[Pink Pig Time Machine by Wilfrid: June 25, 2012]
I'd like to make a quick trip to Washington DC some time this summer to catch Richard Diebenkorn's "Ocean Park" series at the Corcoran. Ten years ago I made a cultural expedition to the capital, primarily to catch some of the Sondheim Celebration at the Kennedy Center, but also to visit some galleries.
I had modest eating plans too.
Speaking of nudes, can it really be ten years ago I watched dumbstruck as Melissa Errico climbed out of the bath in "Sunday in the Park With George?" It was an emblematic moment, because this production of the show, with Melissa as Dot and Raul Esparza as George, had a sexual charge largely absent from the other versions I've seen - especially the thin-blooded 2008 Broadway revival.
This was a revelation, because a deep passion between the artist and his model succeeded in tying the two, notoriously disparate halves of the show together, and it finally made emotional (if not necessarily logical) sense. The two stars clinging to each other at the end, in floods of tears, meant not a dry eye in the house. The best Sondheim I've ever seen (and I've seen a lot).
This was a matinée, and I'd lined up some serious dining for the evening. My old eGullet post about the experience is still online. Here are the highlights:
Elysium is in the Morrison House hotel, a Relais and Chateaux property designed in the style of an eighteenth century mansion, with some period furnishings, and a maze of public spaces - parlor, library, bar and two restaurants, Elysium and a more informal grill room.
Elysium is a small space, which makes it practicable for the chef, Gian Piero Mazzi, to offer bespoke meals. He comes to the table, describes the produce available in the kitchen, consults on preferences, and then retires to send out dishes tailored to each diner. This presents considerably more flexibility than tasting menus which must be taken by the whole table, and might be difficult with larger numbers of covers.
We received eight courses each, by my count, and with the exception of the amuse bouche and the desserts, each diner received a different dish in each course. Even Cabrales would have had trouble noting all this down, especially as each dish was intriguingly garnished - so I'll only attempt to describe my own menu.
A pair of amuse bouches of raw tuna and raw escobar
Filet of escobar with English peas
Seared foie gras with sun-dried tomatoes and frisee salad
Buffalo flank steak wrapped in maple smoked bacon, peas and black beans
Salad of corn kernels and crab meat, wrapped in a strip of cucumber
Peach sorbet with pieces of fresh white peach
A tray of chocolates and petits fours, including a spong cake coated with coconut, star-shaped lemon jellies, and a delicate version of what the Brits call "cream horns".

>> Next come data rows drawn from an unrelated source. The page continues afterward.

lemma fewer_exceed_insert_div_order_weight:
  fixes s :: "'a \<Rightarrow> real" and F T :: "'b \<Rightarrow> real" and n k :: nat and x :: 'b
  assumes "finite A" "a \<notin> A" "1 \<le> k" "F x \<noteq> 0" "T x \<noteq> 0"
  defines "\<psi> \<equiv> \<lambda>k. fewer_exceed A s k / order_weight F T n k x"
  shows "fewer_exceed (insert a A) s k / order_weight F T n k x
           = s a * \<psi> k + (1 - s a) * (\<psi> (k - 1) * (F x / T x))"
    and "fewer_exceed (insert a A) s k / order_weight F T (Suc n) k x
           = s a / F x * \<psi> k + (1 - s a / F x * F x) * (\<psi> (k - 1) / T x)"
proof -
  have rec: "fewer_exceed (insert a A) s k = s a * fewer_exceed A s k + (1 - s a) * fewer_exceed A s (k - 1)"
    using assms by (simp add: fewer_exceed_insert)
  have pred: "fewer_exceed A s (k - 1) / order_weight F T n k x = \<psi> (k - 1) * (F x / T x)"
    unfolding \<psi>_def using assms by (intro fewer_exceed_pred_div_order_weight) auto
  have "fewer_exceed (insert a A) s k / order_weight F T n k x
          = s a * \<psi> k + (1 - s a) * (fewer_exceed A s (k - 1) / order_weight F T n k x)"
    unfolding rec \<psi>_def by (simp add: add_divide_distrib)
  then show "fewer_exceed (insert a A) s k / order_weight F T n k x
          = s a * \<psi> k + (1 - s a) * (\<psi> (k - 1) * (F x / T x))"
    by (simp only: pred)
  have "fewer_exceed (insert a A) s k / order_weight F T (Suc n) k x
          = s a / F x * \<psi> k + (1 - s a) / F x * (fewer_exceed A s (k - 1) / order_weight F T n k x)"
    unfolding rec \<psi>_def order_weight_Suc_left using assms by (simp add: add_divide_distrib)
  also have "\<dots> = s a / F x * \<psi> k + (1 - s a / F x * F x) * (\<psi> (k - 1) / T x)"
  proof -
    have "(1 - s a) / F x * (p * (F x / T x)) = (1 - s a / F x * F x) * (p / T x)" for p
      using assms by (simp add: field_simps)
    then show ?thesis unfolding pred by simp
  qed
  finally show "fewer_exceed (insert a A) s k / order_weight F T (Suc n) k x
          = s a / F x * \<psi> k + (1 - s a / F x * F x) * (\<psi> (k - 1) / T x)" .
qed

lemma mono_on_mix_div:
  fixes \<kappa> \<psi> W F T :: "'a::order \<Rightarrow> real"
  assumes mono: "mono_on D \<kappa>" "mono_on D \<psi>" "mono_on D W"
    and mono_FT: "mono_on D (\<lambda>x. F x / T x)" "mono_on D (\<lambda>x. (1 - F x) / T x)"
    and bounds: "\<And>x. x \<in> D \<Longrightarrow> 0 \<le> \<kappa> x \<and> \<kappa> x \<le> 1 \<and> 0 \<le> W x \<and> W x * (F x / T x) \<le> \<psi> x"
    and FT: "\<And>x. x \<in> D \<Longrightarrow> 0 < F x \<and> F x \<le> 1 \<and> 0 < T x"
  shows "mono_on D (\<lambda>x. \<kappa> x * \<psi> x + (1 - \<kappa> x * F x) * (W x / T x))"
proof -
  have "mono_on D (\<lambda>x. F x / T x + (1 - F x) / T x)"
    using mono_FT by (rule mono_on_add)
  then have inv_T: "mono_on D (\<lambda>x. 1 / T x)"
    by (rule mono_on_cong) (use FT in \<open>simp add: diff_divide_distrib\<close>)
  have nonneg: "0 \<le> W x \<and> 0 \<le> (1 - F x) / T x \<and> 0 \<le> 1 / T x" if "x \<in> D" for x
    using FT[OF that] bounds[OF that] by simp
  let ?X = "\<lambda>x. \<psi> x + W x * ((1 - F x) / T x)" and ?Z = "\<lambda>x. W x * (1 / T x)"
  have "mono_on D (\<lambda>x. \<kappa> x * ?X x + (1 - \<kappa> x) * ?Z x)"
  proof (rule mono_on_convex_comb[OF mono(1)])
    show "mono_on D ?X"
      using mono nonneg by (intro mono_on_add mono_on_mul mono_FT) (auto simp: Pi_iff)
    show "mono_on D ?Z"
      using mono nonneg by (intro mono_on_mul inv_T) (auto simp: Pi_iff)
    fix x assume x: "x \<in> D"
    have "?Z x = W x * (F x / T x) + W x * ((1 - F x) / T x)"
      using FT[OF x] by (simp add: field_simps)
    then show "0 \<le> \<kappa> x \<and> \<kappa> x \<le> 1 \<and> ?Z x \<le> ?X x"
      using bounds[OF x] by linarith
  qed
  then show ?thesis
  proof (rule mono_on_cong)
    fix x assume "x \<in> D"
    then have "T x \<noteq> 0" using FT by force
    then show "\<kappa> x * ?X x + (1 - \<kappa> x) * ?Z x = \<kappa> x * \<psi> x + (1 - \<kappa> x * F x) * (W x / T x)"
      by (simp add: field_simps)
  qed
qed
lemma inner_square_eq_double_sum:
  "((y::real^'n) \<bullet> s)\<^sup>2 = (\<Sum>i\<in>UNIV. \<Sum>j\<in>UNIV. y$i * y$j * (s$i * s$j))"
  unfolding inner_vec_def power2_eq_square sum_product by (simp add: mult_ac)

lemma quadratic_form_rank_one:
  "(v::real^'n) \<bullet> ((\<chi> i j. e * (u$i * u$j)) *v v) = e * (v \<bullet> u)\<^sup>2"
  unfolding inner_square_eq_double_sum
  by (simp add: inner_vec_def matrix_vector_mult_def sum_distrib_left mult_ac)

lemma prob_dists_vec_projection:
  fixes y :: "real^'n"
  assumes "M \<in> prob_dists_vec"
  shows "integrable M (\<lambda>s. y \<bullet> s)"
    and "integral\<^sup>L M (\<lambda>s. y \<bullet> s) = y \<bullet> mean_vec M"
    and "integrable M (\<lambda>s. (y \<bullet> s)\<^sup>2)"
    and "integral\<^sup>L M (\<lambda>s. (y \<bullet> s)\<^sup>2) = y \<bullet> (second_moment M *v y)"
proof -
  have int1: "\<And>i. integrable M (\<lambda>x. x $ i)"
    and int2: "\<And>i j. integrable M (\<lambda>x. x $ i * x $ j)"
    using assms unfolding prob_dists_vec_def by auto
  show "integrable M (\<lambda>s. y \<bullet> s)"
    unfolding inner_vec_def using int1 by auto
  show "integral\<^sup>L M (\<lambda>s. y \<bullet> s) = y \<bullet> mean_vec M"
    unfolding inner_vec_def using int1 by (simp add: mean_vec_def)
  show "integrable M (\<lambda>s. (y \<bullet> s)\<^sup>2)"
    unfolding inner_square_eq_double_sum using int2 by auto
  have "integral\<^sup>L M (\<lambda>s. \<Sum>i\<in>UNIV. \<Sum>j\<in>UNIV. y$i * y$j * (s$i * s$j))
      = (\<Sum>i\<in>UNIV. \<Sum>j\<in>UNIV. y$i * y$j * integral\<^sup>L M (\<lambda>s. s$i * s$j))"
    using int2 by simp
  also have "\<dots> = y \<bullet> (second_moment M *v y)"
    unfolding inner_vec_def matrix_vector_mult_def second_moment_def
    by (simp add: sum_distrib_left mult_ac)
  finally show "integral\<^sup>L M (\<lambda>s. (y \<bullet> s)\<^sup>2) = y \<bullet> (second_moment M *v y)"
    by (simp only: inner_square_eq_double_sum)
qed

lemma distr_inner_in_D_xi:
  fixes S :: "real^'n^'n" and y :: "real^'n"
  assumes S: "sym_pd S" and M: "M \<in> D_s S g1 g2"
  shows "distr M borel (\<lambda>s. y \<bullet> s) \<in> D_xi S g1 g2 y"
proof -
  have Mv: "M \<in> prob_dists_vec"
    and mean: "mean_vec M \<bullet> (matrix_inv S *v mean_vec M) \<le> g1"
    and second: "loewner_le (second_moment M) (g2 *\<^sub>R S)"
    using M unfolding D_s_def by auto
  have sM: "sets M = sets borel"
    using Mv unfolding prob_dists_vec_def by simp
  have meas: "(\<lambda>s. y \<bullet> s) \<in> borel_measurable M"
    unfolding measurable_cong_sets[OF sM refl]
    by (intro borel_measurable_continuous_onI continuous_intros)
  note proj = prob_dists_vec_projection[OF Mv, of y]
  have "\<bar>y \<bullet> mean_vec M\<bar>
      \<le> sqrt (mean_vec M \<bullet> (matrix_inv S *v mean_vec M)) * sqrt (y \<bullet> (S *v y))"
    by (rule abs_inner_le_sqrt_inverse_form[OF S])
  also have "\<dots> \<le> sqrt g1 * sqrt (y \<bullet> (S *v y))"
    using mean sym_pd_quadratic_form_nonneg[OF S, of y] by (intro mult_right_mono) auto
  finally have "\<bar>y \<bullet> mean_vec M\<bar> \<le> sqrt g1 * sqrt (y \<bullet> (S *v y))" .
  moreover have "y \<bullet> (second_moment M *v y) \<le> g2 * (y \<bullet> (S *v y))"
    using second unfolding loewner_le_def
    by (drule_tac x=y in spec) (simp add: algebra_simps scaleR_matrix_vector_assoc[symmetric])
  moreover have "prob_space (distr M borel (\<lambda>s. y \<bullet> s))"
    using Mv meas unfolding prob_dists_vec_def by (blast intro: prob_space.prob_space_distr)
  moreover have "integrable (distr M borel (\<lambda>s. y \<bullet> s)) (\<lambda>x. x)"
    and "integrable (distr M borel (\<lambda>s. y \<bullet> s)) (\<lambda>x. x\<^sup>2)"
    using proj(1,3) by (simp_all add: integrable_distr_eq[OF meas])
  moreover have "integral\<^sup>L (distr M borel (\<lambda>s. y \<bullet> s)) (\<lambda>x. x) = y \<bullet> mean_vec M"
    and "integral\<^sup>L (distr M borel (\<lambda>s. y \<bullet> s)) (\<lambda>x. x\<^sup>2) = y \<bullet> (second_moment M *v y)"
    using proj(2,4) by (simp_all add: integral_distr[OF meas])
  ultimately show ?thesis
    unfolding D_xi_def prob_dists_real_def by simp
qed

lemma measure_distr_inner:
  fixes y :: "real^'n" and f :: "real \<Rightarrow> real"
  assumes "sets M = sets borel" and "f \<in> borel_measurable borel"
  shows "measure (distr M borel (\<lambda>s. y \<bullet> s)) {x. f x \<le> 0} = measure M {s. f (y \<bullet> s) \<le> 0}"
proof -
  have "(\<lambda>s. y \<bullet> s) \<in> borel_measurable M"
    unfolding measurable_cong_sets[OF assms(1) refl]
    by (intro borel_measurable_continuous_onI continuous_intros)
  moreover have "{x. f x \<le> 0} \<in> sets borel"
    using assms(2) by measurable
  ultimately show ?thesis
    using sets_eq_imp_space_eq[OF assms(1)] by (subst measure_distr) auto
qed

Just $67 with $30 for wine pairings. Truly ten years ago. I especially liked "the pairing of foie gras with sun-dried tomatoes, a nice change from the sweet fruit garnishes ubiquitous in NY; [and] the explosive crab flavor in the salad."
I finished the evening at a piano bar. Cheers.
The next morning, more Whistlers in the permanent exhibit at the Freer, then "Open City": urban photographs 1950-2000 at the Hirschhorn.
Walking around in the hot afternoon sunshine, I happened across a big, open-air "BBQ Battle" and learned the sad lesson that judges only were permitted to taste what the serries ranks of pitmasters were smoking. There were some concessions, though, and I enjoyed Texas Ted's Hickory Smoked Ribs.
To the Kennedy Center and its blessed air-conditioning for a solo performance by Mandy Patinkin, "Celebrating Sondheim" -- a typically extreme Patinkin affair; so stripped down it consisted of the singer, dressed in black, standing in a spotlight, belting out a catalog of songs without pause or comment.
Home on a late flight to asopao de camarones, pollo al horno, and a brave attempt on Thomas Wolfe's "Look Homeward, Angel."